The speed dial has saved me time. It’s probably only 5-30 seconds a time, but it adds up and helps preserve flow. A few examples:
- I couldn’t remember its address, so used to search for Google advanced search(!)
- You might type in cha … for chatGPT you might be distracted by Charlies Munger dies.
- Clicking Amazon UK goes to my list of lists, no longer hidden in the Amazon UI. Search is also available from that page of course.
- Who’s going to remember https://www.bbc.co.uk/sport/football/premier-league/scores-fixtures for football scores? And searching is no good when the results get tweaked.
- And trains: is that National Rail or TheTrainLine? Better get it right once and for all.
Of course I could put these under bookmarks, but these tend to get clogged up and in practice can be anything but speedy. Similarly for other techniques. The speed dial is there when I open a new tab.
5 - Customisations
Just one example: on my speed dial page I can easily order and re-order the squares - alphabetically or otherwise. I can also resize the squares; this is useful if you have a lot of items on the speed dial and are working on a laptop or smaller device. Items can too easily drop “below the fold”.
To avoid scrolling, drop the square size and set the maximum number of items per row. All accessible through the settings cog on the bottom left icon on the graphic.
6 - Side panel
On the top left of the graphic are a number of icons: below the Vivaldi icon we have the side panel, the bookmarks (highlighted), a reading list, the downloads, my website history, quick access to my workspaces and my raindrop.io extension.
You can customise the side panel icons; I’ve hidden some.
7 - Workspaces
You can group related tabs into a "workspace" then switch between workspaces, using the icon on the top left.
My current workspace - web - has five tabs. I could switch to my expenses workspace - expstst - and two relevant tabs would be loaded.

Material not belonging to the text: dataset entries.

(* For integers $n,m$, the inequality \[ \sin(\pi/m)\,\cosh\!\left(\operatorname{arccosh}\!\left(\frac{\cos(\pi/m)}{\sin(\pi/n)}\right)+\operatorname{arccosh}\bigl(\cot(\pi/m)\cot(\pi/n)\bigr)\right) > \cosh(\log n) \] holds whenever $n\ge 5, m\ge 6$; or $n\ge 7, m\ge 4$. *)

theory Defs
  imports Complex_Main
begin

end

theory Submission
  imports Defs "HOL-Analysis.Complex_Transcendental"
begin

text \<open>
  Put \<open>a = \<pi>/m\<close>, \<open>b = \<pi>/n\<close>, \<open>A = cos a / sin b\<close> and \<open>B = cot a cot b\<close>.
  Then \<open>(A\<^sup>2 - 1)(B\<^sup>2 - 1)\<close> is a perfect square, and the addition formula
  for \<open>cosh\<close> collapses the left-hand side to \<open>cos\<^sup>2 a / (1 - cos b) - 1\<close>.
  As \<open>1 - cos b \<le> b\<^sup>2/2\<close>, this is at least \<open>2 n\<^sup>2 cos\<^sup>2 a / \<pi>\<^sup>2 - 1\<close>, while
  \<open>cosh (log n) + 1 = (n + 1)\<^sup>2 / (2n)\<close>. What remains is
  \<open>\<pi>\<^sup>2 (n + 1)\<^sup>2 < 4 n\<^sup>3 cos\<^sup>2 a\<close>; since \<open>(n + 1)\<^sup>2 / n\<^sup>3\<close> decreases, it suffices to
  check it at \<open>n = 7\<close> with \<open>cos\<^sup>2 a \<ge> cos\<^sup>2 (\<pi>/4) = 1/2\<close> and at \<open>n = 5\<close> with
  \<open>cos\<^sup>2 a \<ge> cos\<^sup>2 (\<pi>/6) = 3/4\<close>, using \<open>\<pi>\<^sup>2 < 10\<close>.
\<close>

lemma one_minus_cos_le: "1 - cos x \<le> (x::real)\<^sup>2 / 2"
proof -
  have "sin (x/2) ^ 2 \<le> (x/2)\<^sup>2"
    using abs_sin_x_le_abs_x[of "x/2"] by (metis abs_le_square_iff)
  then show ?thesis
    using cos_double_sin[of "x/2"] by (simp add: power_divide)
qed

lemma cosh_arcosh_add:
  fixes A B :: real
  assumes "1 \<le> A" "1 \<le> B"
  shows "cosh (arcosh A + arcosh B) = A * B + sqrt ((A\<^sup>2 - 1) * (B\<^sup>2 - 1))"
  using assms by (simp add: cosh_add sinh_arcosh_real real_sqrt_mult)

lemma sin_mult_cosh_arcosh_add_cot:
  fixes a b :: real
  assumes "0 < a" "0 < b" "a + b < pi / 2"
  shows "sin a * cosh (arcosh (cos a / sin b) + arcosh (cot a * cot b))
           = (cos a)\<^sup>2 / (1 - cos b) - 1"
proof -
  define s c u w where "s = sin a" "c = cos a" "u = sin b" "w = cos b"
  have s: "0 < s" and u: "0 < u" and w: "0 < w" "w < 1"
    using assms
    by (auto simp: s_c_u_w_def intro!: sin_gt_zero cos_gt_zero cos_monotone_0_pi[of 0 b, simplified])
  have cu: "u < c"
    using assms by (simp add: s_c_u_w_def sin_cos_eq cos_mono_less_eq)
  have cos_add_pos: "0 < c * w - s * u"
    using assms by (simp add: s_c_u_w_def flip: cos_add) (intro cos_gt_zero; simp)
  have pyth: "s\<^sup>2 = 1 - c\<^sup>2" "u\<^sup>2 = 1 - w\<^sup>2"
    by (simp_all add: s_c_u_w_def sin_squared_eq)
  define A B where "A = c / u" "B = (c / s) * (w / u)"
  have A: "1 \<le> A" and B: "1 \<le> B"
    using cu u s cos_add_pos by (simp_all add: A_B_def field_simps)
  have "(A\<^sup>2 - 1) * (B\<^sup>2 - 1) = ((c\<^sup>2 - u\<^sup>2) / (s * u\<^sup>2))\<^sup>2"
    using s u pyth by (simp add: A_B_def field_simps power2_eq_square) algebra
  then have "sqrt ((A\<^sup>2 - 1) * (B\<^sup>2 - 1)) = (c\<^sup>2 - u\<^sup>2) / (s * u\<^sup>2)"
    using cu u s by (simp add: power_strict_mono less_imp_le)
  then have "sin a * cosh (arcosh (cos a / sin b) + arcosh (cot a * cot b))
               = s * (A * B + (c\<^sup>2 - u\<^sup>2) / (s * u\<^sup>2))"
    using A B by (simp add: cosh_arcosh_add cot_def s_c_u_w_def A_B_def)
  also have "\<dots> = (c\<^sup>2 * (1 + w) - u\<^sup>2) / u\<^sup>2"
    using s u by (simp add: A_B_def field_simps power2_eq_square)
  also have "\<dots> = c\<^sup>2 / (1 - w) - 1"
  proof -
    have u2: "u\<^sup>2 = (1 - w) * (1 + w)"
      using pyth(2) by (simp add: algebra_simps power2_eq_square)
    have "w * w < 1"
      using w mult_strict_mono[of w 1 w 1] by simp
    then show ?thesis
      unfolding u2 using w by (simp add: field_simps)
  qed
  finally show ?thesis
    by (simp add: s_c_u_w_def)
qed

lemma sin_mult_cosh_arcosh_add_cot_ge:
  fixes a b :: real
  assumes "0 < a" "0 < b" "a + b < pi / 2"
  shows "2 * (cos a)\<^sup>2 / b\<^sup>2 - 1
           \<le> sin a * cosh (arcosh (cos a / sin b) + arcosh (cot a * cot b))"
proof -
  have "0 < 1 - cos b"
    using assms by (auto intro!: cos_monotone_0_pi[of 0 b, simplified])
  then have "(cos a)\<^sup>2 / (b\<^sup>2 / 2) \<le> (cos a)\<^sup>2 / (1 - cos b)"
    using one_minus_cos_le[of b] assms(2) by (intro divide_left_mono) auto
  then show ?thesis
    by (simp add: sin_mult_cosh_arcosh_add_cot[OF assms] mult.commute)
qed

lemma sq_succ_mult_cube_le:
  fixes x x0 :: real
  assumes "0 < x0" "x0 \<le> x"
  shows "(x + 1)\<^sup>2 * x0^3 \<le> (x0 + 1)\<^sup>2 * x^3"
proof -
  have "(x + 1) * x0 \<le> (x0 + 1) * x"
    using assms by (simp add: algebra_simps)
  then have "((x + 1) * x0)\<^sup>2 * x0 \<le> ((x0 + 1) * x)\<^sup>2 * x"
    using assms by (auto intro!: mult_mono[OF power_mono])
  then show ?thesis
    by (simp add: power_mult_distrib power2_eq_square power3_eq_cube mult_ac)
qed

lemma cosh_ln_less:
  fixes x x0 c k :: real
  assumes "0 < c" "0 < x0" "x0 \<le> x" "c * (x0 + 1)\<^sup>2 < 2 * k * x0 ^ 3"
  shows "cosh (ln x) < k * x\<^sup>2 / c - 1"
proof -
  have "c * (x + 1)\<^sup>2 * x0 ^ 3 \<le> c * (x0 + 1)\<^sup>2 * x ^ 3"
    using sq_succ_mult_cube_le[OF assms(2,3)] assms(1) by (simp add: mult.assoc)
  also have "\<dots> < 2 * k * x0 ^ 3 * x ^ 3"
    using assms by (intro mult_strict_right_mono) auto
  finally have "c * (x + 1)\<^sup>2 < 2 * k * x ^ 3"
    using assms(2) by (simp add: mult.commute mult.left_commute)
  then have "(x + 1)\<^sup>2 / (2 * x) < k * x\<^sup>2 / c"
    using assms by (simp add: field_simps power3_eq_cube power2_eq_square)
  moreover have "cosh (ln x) = (x + 1)\<^sup>2 / (2 * x) - 1"
    using assms(2,3) by (simp add: cosh_ln_real field_simps power2_eq_square)
  ultimately show ?thesis
    by simp
qed

lemma cos_sq_pi_divide_mono:
  fixes j m :: real
  assumes "2 \<le> j" "j \<le> m"
  shows "(cos (pi / j))\<^sup>2 \<le> (cos (pi / m))\<^sup>2"
proof (rule power_mono)
  show "cos (pi / j) \<le> cos (pi / m)"
  proof (rule cos_monotone_0_pi_le)
    show "pi / m \<le> pi / j"
      using assms by (intro divide_left_mono) auto
  qed (use assms in \<open>auto simp: divide_le_eq\<close>)
  have "0 \<le> pi / j" "pi / j \<le> pi / 2"
    using assms by (auto simp: divide_le_eq)
  then show "0 \<le> cos (pi / j)"
    by (intro cos_ge_zero) auto
qed

lemma pi_sq_less_10: "pi\<^sup>2 < 10"
proof -
  have "pi\<^sup>2 \<le> 3.15\<^sup>2"
    using pi_approx(2) by (intro power_mono) auto
  also have "\<dots> < 10"
    by (simp add: power2_eq_square)
  finally show ?thesis .
qed

theorem proposition2:
  fixes n m :: int
  assumes "(n \<ge> 5 \<and> m \<ge> 6) \<or> (n \<ge> 7 \<and> m \<ge> 4)"
  shows "sin (pi / real_of_int m) *
           cosh (arcosh (cos (pi / real_of_int m) / sin (pi / real_of_int n))
                 + arcosh (cot (pi / real_of_int m) * cot (pi / real_of_int n)))
         > cosh (ln (real_of_int n))"
proof -
  define x a b where "x = real_of_int n" "a = pi / real_of_int m" "b = pi / x"
  have x: "5 \<le> x" and m: "4 \<le> real_of_int m"
    using assms by (auto simp: x_a_b_def)
  have "0 < a" "a \<le> pi / 4" "0 < b" "b \<le> pi / 5"
    using x m by (simp_all add: x_a_b_def field_simps)
  then have ab: "0 < a" "0 < b" "a + b < pi / 2"
    using pi_gt_zero by linarith+
  obtain x0 k where x0: "0 < x0" "x0 \<le> x" "pi\<^sup>2 * (x0 + 1)\<^sup>2 < 2 * k * x0 ^ 3"
    and k: "k \<le> 2 * (cos a)\<^sup>2"
  proof (cases "n \<ge> 7")
    case True
    have "1 \<le> 2 * (cos a)\<^sup>2"
      using cos_sq_pi_divide_mono[OF _ m] by (simp add: x_a_b_def cos_45 power_divide)
    with True show ?thesis
      using pi_sq_less_10 by (intro that[of 7 1]) (auto simp: x_a_b_def)
  next
    case False
    with assms have "6 \<le> real_of_int m"
      by auto
    then have "3 / 2 \<le> 2 * (cos a)\<^sup>2"
      using cos_sq_pi_divide_mono[of 6 "real_of_int m"] by (simp add: x_a_b_def cos_30 power_divide)
    with x show ?thesis
      using pi_sq_less_10 by (intro that[of 5 "3 / 2"]) auto
  qed
  have "cosh (ln x) < k * x\<^sup>2 / pi\<^sup>2 - 1"
    using x0 by (intro cosh_ln_less) auto
  also have "\<dots> \<le> 2 * (cos a)\<^sup>2 / b\<^sup>2 - 1"
    using k x by (simp add: x_a_b_def field_simps)
  also have "\<dots> \<le> sin a * cosh (arcosh (cos a / sin b) + arcosh (cot a * cot b))"
    using sin_mult_cosh_arcosh_add_cot_ge[OF ab] .
  finally show ?thesis
    by (simp add: x_a_b_def)
qed

end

Reviews indicate that some people love this feature, regarding it as a game changer. Perhaps I will come to agree as my practice develops?
8 - Bookmarks
Browsers don’t handle bookmarks well, so many third-party tools have been developed. I use raindrop.io and consequently use bookmarks in Vivaldi minimally.
In each workspace I have a set of tabs (websites) which load when the workspace is selected. It’s easy to close one of those tabs accidentally, when the tab will be lost to the workspace.

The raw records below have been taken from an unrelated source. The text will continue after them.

(* If $G$ is a connected graph of order at least $3$ that is not a path, then $\gamma_P(G)\le \frac{1}{2}F_c(G)$, and this bound is sharp (there exist such graphs attaining equality).
   Context: Forcing process: given a set of initially colored vertices, at each step a colored vertex with exactly one non-colored neighbor forces (colors) that neighbor. A set $S\subseteq V(G)$ is a forcing set if iterating this process from $S$ eventually colors all vertices; it is a connected forcing set if moreover the induced subgraph $G[S]$ is connected. $F_c(G)$ is the minimum cardinality of a connected forcing set of $G$. Power domination: for $S\subseteq V$ define $\mathcal{P}_G^0(S)=N[S]$ and $\mathcal{P}_G^{i+1}(S)=\bigcup\{N[v]: v\in \mathcal{P}_G^i(S),\ |N[v]\setminus \mathcal{P}_G^i(S)|\le 1\}$; these stabilize to $\mathcal{P}_G^\infty(S)$, and $S$ is power dominating if $\mathcal{P}_G^\infty(S)=V(G)$. $\gamma_P(G)$ is the minimum cardinality of a power dominating set. *)

theory Defs
  imports Complex_Main
begin

definition graph :: "'a set \<Rightarrow> ('a \<Rightarrow> 'a \<Rightarrow> bool) \<Rightarrow> bool" where
  "graph V E \<longleftrightarrow> finite V \<and> (\<forall>u v. E u v \<longrightarrow> u \<in> V \<and> v \<in> V)
     \<and> (\<forall>u v. E u v \<longrightarrow> E v u) \<and> (\<forall>v. \<not> E v v)"

definition nbhd :: "'a set \<Rightarrow> ('a \<Rightarrow> 'a \<Rightarrow> bool) \<Rightarrow> 'a \<Rightarrow> 'a set" where
  "nbhd V E v = {u \<in> V. E v u}"

definition cnbhd :: "'a set \<Rightarrow> ('a \<Rightarrow> 'a \<Rightarrow> bool) \<Rightarrow> 'a \<Rightarrow> 'a set" where
  "cnbhd V E v = insert v (nbhd V E v)"

definition cnbhd_set :: "'a set \<Rightarrow> ('a \<Rightarrow> 'a \<Rightarrow> bool) \<Rightarrow> 'a set \<Rightarrow> 'a set" where
  "cnbhd_set V E S = (\<Union>v\<in>S. cnbhd V E v)"

definition induced_connected :: "('a \<Rightarrow> 'a \<Rightarrow> bool) \<Rightarrow> 'a set \<Rightarrow> bool" where
  "induced_connected E S \<longleftrightarrow>
     (\<forall>u\<in>S. \<forall>v\<in>S. (\<lambda>x y. E x y \<and> x \<in> S \<and> y \<in> S)\<^sup>*\<^sup>* u v)"

definition connected_graph :: "'a set \<Rightarrow> ('a \<Rightarrow> 'a \<Rightarrow> bool) \<Rightarrow> bool" where
  "connected_graph V E \<longleftrightarrow> V \<noteq> {} \<and> induced_connected E V"

definition is_path_graph :: "'a set \<Rightarrow> ('a \<Rightarrow> 'a \<Rightarrow> bool) \<Rightarrow> bool" where
  "is_path_graph V E \<longleftrightarrow> (\<exists>xs. distinct xs \<and> set xs = V \<and>
     (\<forall>u v. E u v \<longleftrightarrow> (\<exists>i. Suc i < length xs \<and>
        ((u = xs ! i \<and> v = xs ! Suc i) \<or> (v = xs ! i \<and> u = xs ! Suc i)))))"

text \<open>Final coloured set of the forcing process started from S: the least set
  containing S and closed under the colour change rule (a coloured vertex all of
  whose neighbours but w are coloured forces w).\<close>
inductive_set forced_closure :: "'a set \<Rightarrow> ('a \<Rightarrow> 'a \<Rightarrow> bool) \<Rightarrow> 'a set \<Rightarrow> 'a set"
  for V E S where
  base: "v \<in> S \<Longrightarrow> v \<in> forced_closure V E S"
| force: "\<lbrakk>v \<in> forced_closure V E S; w \<in> nbhd V E v;
           \<And>u. u \<in> nbhd V E v \<Longrightarrow> u \<noteq> w \<Longrightarrow> u \<in> forced_closure V E S\<rbrakk> \<Longrightarrow> w \<in> forced_closure V E S"

definition forcing_set :: "'a set \<Rightarrow> ('a \<Rightarrow> 'a \<Rightarrow> bool) \<Rightarrow> 'a set \<Rightarrow> bool" where
  "forcing_set V E S \<longleftrightarrow> S \<subseteq> V \<and> forced_closure V E S = V"

definition connected_forcing_set :: "'a set \<Rightarrow> ('a \<Rightarrow> 'a \<Rightarrow> bool) \<Rightarrow> 'a set \<Rightarrow> bool" where
  "connected_forcing_set V E S \<longleftrightarrow> forcing_set V E S \<and> induced_connected E S"

definition Fc :: "'a set \<Rightarrow> ('a \<Rightarrow> 'a \<Rightarrow> bool) \<Rightarrow> nat" where
  "Fc V E = (LEAST k. \<exists>S. connected_forcing_set V E S \<and> card S = k)"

Therefore for each workspace I have a folder (under bookmarks) in which I more permanently store my list of workspace websites - and nothing else.
9 - Built in tools
The side panel contains a number of things (history, downloads etc) which I find useful and more easily accessible than with other browsers where they are more hidden away.
Vivaldi offers email and calendar and many more features.
I’m personally not too demanding in terms of my need for other tools; my primary need is a good browsing experience. I’ve already covered that Vivaldi is not great for bookmarks, largely because it does not let you use tags. I resolve this by using other tools.
But one occasional need is to capture an area of a web page as a graphic - or indeed the full page, which may involve some scrolling. This works perfectly on Android, although the graphics are correspondingly narrow.
On a desktop it’s a little trickier. The camera icon suggests everything should work - you get the “selection” and “full page” options. But the full page only captures the viewable screen and doesn’t scroll. This is hinted at in the Android-specific help topic.
Until The Vivaldi team get to this I’ll use the Go Full Page extension.
10 - Extensions
Vivaldi is a Chromium web browser which means, among other things, that browser extensions on the Chrome web store work with Vivaldi as well as Chrome. No headaches there.
Today I use just 6 extensions to enhance features and productivity.
In conclusion
This article shows just a few of Vivaldi’s productivity-related features. There are many more.
If you do decide to give Vivaldi a try I hope you enjoy it as much as I have.